- PROBLEM DESCRIPTION
Restate word for word the lines in the listing below, starting at the line containing "# p) s = Var" and ending at the line containing "(CVar x) t = Var", both included; leave out the rest.

%%

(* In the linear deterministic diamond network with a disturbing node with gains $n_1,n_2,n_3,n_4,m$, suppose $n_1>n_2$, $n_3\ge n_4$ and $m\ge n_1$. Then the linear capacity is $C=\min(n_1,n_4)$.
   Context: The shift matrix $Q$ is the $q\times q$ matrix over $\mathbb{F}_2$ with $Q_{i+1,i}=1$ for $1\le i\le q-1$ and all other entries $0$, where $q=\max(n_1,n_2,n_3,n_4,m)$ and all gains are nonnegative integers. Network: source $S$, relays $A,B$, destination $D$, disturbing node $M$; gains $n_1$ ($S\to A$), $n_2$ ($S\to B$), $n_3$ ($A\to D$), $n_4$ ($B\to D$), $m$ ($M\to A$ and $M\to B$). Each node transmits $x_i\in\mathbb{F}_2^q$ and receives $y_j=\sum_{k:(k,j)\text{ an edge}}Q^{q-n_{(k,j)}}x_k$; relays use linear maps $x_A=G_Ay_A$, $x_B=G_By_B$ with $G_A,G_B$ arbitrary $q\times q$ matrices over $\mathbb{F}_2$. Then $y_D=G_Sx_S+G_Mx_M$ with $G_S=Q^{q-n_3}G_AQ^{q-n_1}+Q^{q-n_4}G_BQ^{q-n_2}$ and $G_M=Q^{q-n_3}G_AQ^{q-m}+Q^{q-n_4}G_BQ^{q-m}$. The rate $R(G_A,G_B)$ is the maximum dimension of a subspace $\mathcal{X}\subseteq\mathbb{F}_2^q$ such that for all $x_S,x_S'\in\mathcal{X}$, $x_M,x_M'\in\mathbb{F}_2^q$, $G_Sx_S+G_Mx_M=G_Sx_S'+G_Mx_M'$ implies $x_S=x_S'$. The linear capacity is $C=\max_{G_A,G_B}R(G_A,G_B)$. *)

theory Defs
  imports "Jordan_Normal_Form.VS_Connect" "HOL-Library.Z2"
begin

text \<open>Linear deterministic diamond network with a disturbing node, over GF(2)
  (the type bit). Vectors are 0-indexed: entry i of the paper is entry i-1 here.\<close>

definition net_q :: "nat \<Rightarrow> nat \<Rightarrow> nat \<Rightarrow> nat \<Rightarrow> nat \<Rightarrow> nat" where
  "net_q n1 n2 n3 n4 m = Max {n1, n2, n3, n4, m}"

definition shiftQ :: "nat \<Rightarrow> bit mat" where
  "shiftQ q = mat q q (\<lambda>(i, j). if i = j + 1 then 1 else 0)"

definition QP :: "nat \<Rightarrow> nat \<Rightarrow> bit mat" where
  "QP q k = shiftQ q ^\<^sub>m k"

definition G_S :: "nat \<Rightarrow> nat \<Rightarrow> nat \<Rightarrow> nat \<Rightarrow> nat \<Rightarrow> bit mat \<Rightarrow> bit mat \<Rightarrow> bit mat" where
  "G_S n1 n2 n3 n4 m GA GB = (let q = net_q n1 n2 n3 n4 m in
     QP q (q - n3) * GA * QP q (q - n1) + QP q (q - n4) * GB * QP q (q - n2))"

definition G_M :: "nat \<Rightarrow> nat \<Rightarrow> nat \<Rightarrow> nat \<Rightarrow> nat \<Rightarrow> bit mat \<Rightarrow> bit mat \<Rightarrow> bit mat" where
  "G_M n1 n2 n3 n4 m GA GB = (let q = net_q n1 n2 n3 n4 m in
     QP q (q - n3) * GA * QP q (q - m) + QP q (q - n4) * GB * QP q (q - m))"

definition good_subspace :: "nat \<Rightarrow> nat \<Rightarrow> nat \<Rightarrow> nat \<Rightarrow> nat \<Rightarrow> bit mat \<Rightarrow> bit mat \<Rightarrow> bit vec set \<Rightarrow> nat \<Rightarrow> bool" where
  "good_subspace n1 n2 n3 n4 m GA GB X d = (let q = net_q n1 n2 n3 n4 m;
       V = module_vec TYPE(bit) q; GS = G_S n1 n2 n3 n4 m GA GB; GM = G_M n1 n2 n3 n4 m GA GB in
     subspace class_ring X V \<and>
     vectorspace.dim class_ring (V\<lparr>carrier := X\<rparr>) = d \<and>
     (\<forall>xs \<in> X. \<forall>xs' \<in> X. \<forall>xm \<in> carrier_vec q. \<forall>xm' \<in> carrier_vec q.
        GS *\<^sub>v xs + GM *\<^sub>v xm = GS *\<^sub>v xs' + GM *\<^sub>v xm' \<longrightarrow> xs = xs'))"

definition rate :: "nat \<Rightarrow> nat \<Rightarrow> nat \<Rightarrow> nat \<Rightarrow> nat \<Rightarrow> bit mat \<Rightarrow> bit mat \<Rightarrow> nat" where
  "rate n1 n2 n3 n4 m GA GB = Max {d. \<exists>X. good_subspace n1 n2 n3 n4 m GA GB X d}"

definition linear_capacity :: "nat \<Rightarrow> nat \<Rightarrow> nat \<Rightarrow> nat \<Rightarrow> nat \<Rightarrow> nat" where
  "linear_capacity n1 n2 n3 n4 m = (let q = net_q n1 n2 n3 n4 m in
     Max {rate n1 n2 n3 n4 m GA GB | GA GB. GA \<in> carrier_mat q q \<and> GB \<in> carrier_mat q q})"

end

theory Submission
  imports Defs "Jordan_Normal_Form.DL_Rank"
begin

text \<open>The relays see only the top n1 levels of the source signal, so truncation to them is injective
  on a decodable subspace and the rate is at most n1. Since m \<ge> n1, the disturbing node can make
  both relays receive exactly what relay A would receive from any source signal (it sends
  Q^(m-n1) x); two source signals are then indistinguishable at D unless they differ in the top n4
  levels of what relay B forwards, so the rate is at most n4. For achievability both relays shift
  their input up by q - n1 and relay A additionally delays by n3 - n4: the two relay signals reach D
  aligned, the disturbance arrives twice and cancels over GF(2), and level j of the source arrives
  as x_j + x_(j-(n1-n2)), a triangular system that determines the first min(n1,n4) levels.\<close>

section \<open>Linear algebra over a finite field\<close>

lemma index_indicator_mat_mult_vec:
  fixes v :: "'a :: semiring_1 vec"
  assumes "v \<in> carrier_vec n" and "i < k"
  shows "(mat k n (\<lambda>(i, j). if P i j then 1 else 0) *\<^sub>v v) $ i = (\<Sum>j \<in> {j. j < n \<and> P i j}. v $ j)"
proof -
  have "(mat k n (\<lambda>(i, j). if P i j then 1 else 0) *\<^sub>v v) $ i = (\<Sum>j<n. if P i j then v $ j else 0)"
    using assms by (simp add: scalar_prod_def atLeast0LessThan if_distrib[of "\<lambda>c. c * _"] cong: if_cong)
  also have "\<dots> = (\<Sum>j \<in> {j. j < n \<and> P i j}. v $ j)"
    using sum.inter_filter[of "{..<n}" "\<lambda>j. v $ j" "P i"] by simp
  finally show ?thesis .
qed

%%
%%

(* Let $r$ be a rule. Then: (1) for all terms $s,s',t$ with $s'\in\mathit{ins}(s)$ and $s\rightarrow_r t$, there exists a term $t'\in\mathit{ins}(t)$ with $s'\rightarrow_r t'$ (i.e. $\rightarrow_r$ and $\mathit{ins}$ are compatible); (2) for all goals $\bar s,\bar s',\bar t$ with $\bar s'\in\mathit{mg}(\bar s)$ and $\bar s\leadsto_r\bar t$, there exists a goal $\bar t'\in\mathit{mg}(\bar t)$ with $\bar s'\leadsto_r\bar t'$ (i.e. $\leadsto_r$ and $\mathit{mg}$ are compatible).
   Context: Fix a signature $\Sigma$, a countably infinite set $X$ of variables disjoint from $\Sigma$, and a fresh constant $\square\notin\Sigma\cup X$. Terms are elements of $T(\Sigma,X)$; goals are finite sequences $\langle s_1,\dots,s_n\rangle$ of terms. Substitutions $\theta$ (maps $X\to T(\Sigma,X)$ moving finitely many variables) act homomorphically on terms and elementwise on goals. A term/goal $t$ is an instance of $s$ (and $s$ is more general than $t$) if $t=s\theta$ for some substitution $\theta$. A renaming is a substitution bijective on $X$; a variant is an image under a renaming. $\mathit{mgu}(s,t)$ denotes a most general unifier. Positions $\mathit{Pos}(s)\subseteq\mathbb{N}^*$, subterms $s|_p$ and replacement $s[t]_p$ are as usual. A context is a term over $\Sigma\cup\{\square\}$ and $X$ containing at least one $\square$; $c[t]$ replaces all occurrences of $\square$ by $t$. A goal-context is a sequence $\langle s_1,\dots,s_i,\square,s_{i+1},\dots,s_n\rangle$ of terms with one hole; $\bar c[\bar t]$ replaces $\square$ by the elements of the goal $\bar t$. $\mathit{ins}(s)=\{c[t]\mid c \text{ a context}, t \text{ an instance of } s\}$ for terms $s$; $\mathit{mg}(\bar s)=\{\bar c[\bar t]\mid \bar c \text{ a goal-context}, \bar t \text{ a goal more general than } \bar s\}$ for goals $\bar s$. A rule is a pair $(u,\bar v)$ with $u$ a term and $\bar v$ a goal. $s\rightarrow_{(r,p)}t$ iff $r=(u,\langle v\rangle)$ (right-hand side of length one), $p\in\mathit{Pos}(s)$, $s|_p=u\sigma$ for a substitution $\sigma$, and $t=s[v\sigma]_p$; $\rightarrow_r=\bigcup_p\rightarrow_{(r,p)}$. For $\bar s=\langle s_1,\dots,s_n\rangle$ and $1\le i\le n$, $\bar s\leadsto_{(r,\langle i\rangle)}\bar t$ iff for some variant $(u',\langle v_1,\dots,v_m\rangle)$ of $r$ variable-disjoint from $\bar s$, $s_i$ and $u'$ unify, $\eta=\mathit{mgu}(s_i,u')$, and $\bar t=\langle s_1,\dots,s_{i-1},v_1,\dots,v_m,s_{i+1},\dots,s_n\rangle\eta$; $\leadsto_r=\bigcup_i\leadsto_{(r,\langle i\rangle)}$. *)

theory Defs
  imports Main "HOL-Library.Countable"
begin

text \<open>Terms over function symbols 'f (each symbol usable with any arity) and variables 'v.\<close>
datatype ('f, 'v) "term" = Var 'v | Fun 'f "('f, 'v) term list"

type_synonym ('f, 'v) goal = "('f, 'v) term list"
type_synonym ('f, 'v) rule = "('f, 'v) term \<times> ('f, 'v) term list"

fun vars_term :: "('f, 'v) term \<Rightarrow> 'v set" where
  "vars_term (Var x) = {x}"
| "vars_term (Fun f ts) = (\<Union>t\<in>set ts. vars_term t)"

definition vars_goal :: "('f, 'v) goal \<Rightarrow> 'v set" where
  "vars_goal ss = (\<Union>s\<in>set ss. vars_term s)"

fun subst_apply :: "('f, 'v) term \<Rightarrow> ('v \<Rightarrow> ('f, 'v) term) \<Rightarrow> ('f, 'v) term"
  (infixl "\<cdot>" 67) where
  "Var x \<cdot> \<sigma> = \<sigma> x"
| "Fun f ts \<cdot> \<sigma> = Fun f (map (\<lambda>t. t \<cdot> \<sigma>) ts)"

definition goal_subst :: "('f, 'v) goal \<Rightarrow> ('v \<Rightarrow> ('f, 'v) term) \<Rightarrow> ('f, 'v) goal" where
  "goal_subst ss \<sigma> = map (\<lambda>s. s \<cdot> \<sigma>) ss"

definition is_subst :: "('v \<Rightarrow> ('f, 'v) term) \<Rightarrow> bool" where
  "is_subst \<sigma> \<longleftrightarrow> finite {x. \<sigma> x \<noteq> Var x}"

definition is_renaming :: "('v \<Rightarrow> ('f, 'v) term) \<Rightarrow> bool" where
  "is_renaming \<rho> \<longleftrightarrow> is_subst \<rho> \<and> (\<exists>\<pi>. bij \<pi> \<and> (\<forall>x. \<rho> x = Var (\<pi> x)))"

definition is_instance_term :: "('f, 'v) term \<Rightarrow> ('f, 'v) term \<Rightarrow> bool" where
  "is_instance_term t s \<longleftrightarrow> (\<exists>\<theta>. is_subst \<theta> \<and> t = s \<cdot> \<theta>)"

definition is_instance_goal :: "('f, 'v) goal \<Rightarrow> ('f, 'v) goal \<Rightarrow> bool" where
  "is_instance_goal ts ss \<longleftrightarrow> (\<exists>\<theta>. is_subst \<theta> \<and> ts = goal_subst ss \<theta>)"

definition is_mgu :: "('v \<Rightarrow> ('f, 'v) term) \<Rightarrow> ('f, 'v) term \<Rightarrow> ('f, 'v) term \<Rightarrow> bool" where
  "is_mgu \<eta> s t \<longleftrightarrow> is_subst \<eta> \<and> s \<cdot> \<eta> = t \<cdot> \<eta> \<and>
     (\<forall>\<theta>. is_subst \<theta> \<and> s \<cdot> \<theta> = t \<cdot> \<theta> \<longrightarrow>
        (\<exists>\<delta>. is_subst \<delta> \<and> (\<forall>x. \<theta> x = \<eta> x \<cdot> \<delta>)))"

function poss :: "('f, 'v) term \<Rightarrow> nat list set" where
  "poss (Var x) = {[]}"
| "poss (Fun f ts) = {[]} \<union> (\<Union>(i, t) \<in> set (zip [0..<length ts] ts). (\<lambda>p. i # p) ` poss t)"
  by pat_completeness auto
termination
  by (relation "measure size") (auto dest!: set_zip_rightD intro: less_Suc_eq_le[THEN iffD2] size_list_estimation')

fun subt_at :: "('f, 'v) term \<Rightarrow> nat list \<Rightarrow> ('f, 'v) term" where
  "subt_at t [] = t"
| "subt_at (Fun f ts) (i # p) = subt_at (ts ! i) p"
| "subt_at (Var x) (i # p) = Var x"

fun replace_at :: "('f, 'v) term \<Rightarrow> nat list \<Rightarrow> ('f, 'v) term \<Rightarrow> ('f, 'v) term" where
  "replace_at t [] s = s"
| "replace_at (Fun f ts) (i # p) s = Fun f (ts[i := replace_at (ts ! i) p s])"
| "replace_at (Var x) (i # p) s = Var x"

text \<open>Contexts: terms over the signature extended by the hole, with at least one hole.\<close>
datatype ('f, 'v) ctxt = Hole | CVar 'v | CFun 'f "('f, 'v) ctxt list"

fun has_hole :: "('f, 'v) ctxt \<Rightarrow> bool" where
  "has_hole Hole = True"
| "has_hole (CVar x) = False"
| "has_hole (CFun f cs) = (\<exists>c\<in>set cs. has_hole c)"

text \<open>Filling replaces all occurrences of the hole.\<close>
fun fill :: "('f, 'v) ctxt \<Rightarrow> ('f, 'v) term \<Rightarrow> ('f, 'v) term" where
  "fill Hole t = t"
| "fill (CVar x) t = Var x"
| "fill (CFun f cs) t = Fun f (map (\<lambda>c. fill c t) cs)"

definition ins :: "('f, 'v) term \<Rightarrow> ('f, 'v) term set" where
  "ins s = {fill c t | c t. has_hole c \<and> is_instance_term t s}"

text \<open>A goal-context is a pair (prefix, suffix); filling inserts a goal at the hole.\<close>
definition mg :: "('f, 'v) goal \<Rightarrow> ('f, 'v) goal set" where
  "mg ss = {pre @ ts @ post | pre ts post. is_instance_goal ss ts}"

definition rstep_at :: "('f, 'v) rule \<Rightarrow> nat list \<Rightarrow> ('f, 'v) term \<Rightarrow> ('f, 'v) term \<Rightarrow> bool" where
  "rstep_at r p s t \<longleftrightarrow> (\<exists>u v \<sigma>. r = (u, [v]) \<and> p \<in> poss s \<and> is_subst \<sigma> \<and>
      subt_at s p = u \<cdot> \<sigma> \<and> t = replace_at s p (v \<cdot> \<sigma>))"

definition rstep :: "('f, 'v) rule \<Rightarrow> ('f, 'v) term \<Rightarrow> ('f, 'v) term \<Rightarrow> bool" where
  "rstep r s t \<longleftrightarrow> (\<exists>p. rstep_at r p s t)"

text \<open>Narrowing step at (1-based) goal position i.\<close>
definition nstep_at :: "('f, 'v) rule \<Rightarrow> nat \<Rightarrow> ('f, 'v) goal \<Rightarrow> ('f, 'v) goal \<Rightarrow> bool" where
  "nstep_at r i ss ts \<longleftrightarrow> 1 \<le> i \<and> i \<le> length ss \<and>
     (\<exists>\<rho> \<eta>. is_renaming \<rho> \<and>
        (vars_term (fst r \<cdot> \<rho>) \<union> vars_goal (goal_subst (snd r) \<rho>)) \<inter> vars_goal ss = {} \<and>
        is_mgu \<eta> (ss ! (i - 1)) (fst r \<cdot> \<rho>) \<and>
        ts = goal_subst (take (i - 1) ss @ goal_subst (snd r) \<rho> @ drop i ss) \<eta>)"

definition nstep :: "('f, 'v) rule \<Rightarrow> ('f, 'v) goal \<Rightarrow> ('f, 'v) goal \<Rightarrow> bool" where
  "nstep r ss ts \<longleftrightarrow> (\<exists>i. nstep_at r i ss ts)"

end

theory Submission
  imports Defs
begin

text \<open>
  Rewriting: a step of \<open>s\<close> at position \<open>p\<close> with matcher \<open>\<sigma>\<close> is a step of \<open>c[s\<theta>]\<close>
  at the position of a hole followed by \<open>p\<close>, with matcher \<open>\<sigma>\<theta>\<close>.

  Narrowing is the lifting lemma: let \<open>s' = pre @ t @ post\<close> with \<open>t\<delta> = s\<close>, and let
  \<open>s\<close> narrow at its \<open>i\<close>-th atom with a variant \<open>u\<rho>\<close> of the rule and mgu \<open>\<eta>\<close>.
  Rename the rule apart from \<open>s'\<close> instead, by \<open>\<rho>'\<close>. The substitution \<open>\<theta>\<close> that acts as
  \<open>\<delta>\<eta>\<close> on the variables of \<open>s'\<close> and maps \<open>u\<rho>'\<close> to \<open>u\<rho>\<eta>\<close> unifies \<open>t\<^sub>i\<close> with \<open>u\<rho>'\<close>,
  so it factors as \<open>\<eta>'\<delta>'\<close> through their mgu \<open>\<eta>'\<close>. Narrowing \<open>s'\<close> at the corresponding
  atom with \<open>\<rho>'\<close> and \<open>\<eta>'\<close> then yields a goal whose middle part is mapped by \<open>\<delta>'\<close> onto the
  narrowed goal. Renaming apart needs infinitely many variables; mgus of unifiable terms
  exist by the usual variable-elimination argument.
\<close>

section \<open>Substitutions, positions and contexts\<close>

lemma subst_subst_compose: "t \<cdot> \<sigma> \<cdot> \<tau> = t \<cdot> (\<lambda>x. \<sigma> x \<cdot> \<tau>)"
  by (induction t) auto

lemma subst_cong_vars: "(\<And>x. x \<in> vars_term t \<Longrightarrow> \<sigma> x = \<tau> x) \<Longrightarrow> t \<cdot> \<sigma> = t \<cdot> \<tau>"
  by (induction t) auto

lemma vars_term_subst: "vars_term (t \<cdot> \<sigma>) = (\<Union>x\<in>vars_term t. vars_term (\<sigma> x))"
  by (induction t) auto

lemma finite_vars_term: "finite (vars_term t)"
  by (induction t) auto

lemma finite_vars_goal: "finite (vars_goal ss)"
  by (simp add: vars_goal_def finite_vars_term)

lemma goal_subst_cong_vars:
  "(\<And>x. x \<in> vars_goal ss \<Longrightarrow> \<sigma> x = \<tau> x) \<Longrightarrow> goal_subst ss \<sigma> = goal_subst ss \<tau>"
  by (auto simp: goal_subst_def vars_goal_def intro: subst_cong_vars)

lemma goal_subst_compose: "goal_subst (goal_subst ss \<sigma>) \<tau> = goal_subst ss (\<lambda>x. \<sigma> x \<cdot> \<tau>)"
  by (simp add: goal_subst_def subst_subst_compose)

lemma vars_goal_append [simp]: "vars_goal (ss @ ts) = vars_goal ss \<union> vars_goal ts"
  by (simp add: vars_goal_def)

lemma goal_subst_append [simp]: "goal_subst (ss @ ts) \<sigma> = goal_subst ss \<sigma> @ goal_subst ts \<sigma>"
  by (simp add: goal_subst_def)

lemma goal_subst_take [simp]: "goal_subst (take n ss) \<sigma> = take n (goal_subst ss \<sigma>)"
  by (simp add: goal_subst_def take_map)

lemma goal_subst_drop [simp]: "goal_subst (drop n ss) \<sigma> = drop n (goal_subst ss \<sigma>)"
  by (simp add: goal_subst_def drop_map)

%%

- EXERCISE RESPONSE
| "replace_at (Var x) (i # p) s = Var x"

text \<open>Contexts: terms over the signature extended by the hole, with at least one hole.\<close>
datatype ('f, 'v) ctxt = Hole | CVar 'v | CFun 'f "('f, 'v) ctxt list"

fun has_hole :: "('f, 'v) ctxt \<Rightarrow> bool" where
  "has_hole Hole = True"
| "has_hole (CVar x) = False"
| "has_hole (CFun f cs) = (\<exists>c\<in>set cs. has_hole c)"

text \<open>Filling replaces all occurrences of the hole.\<close>
fun fill :: "('f, 'v) ctxt \<Rightarrow> ('f, 'v) term \<Rightarrow> ('f, 'v) term" where
  "fill Hole t = t"
| "fill (CVar x) t = Var x"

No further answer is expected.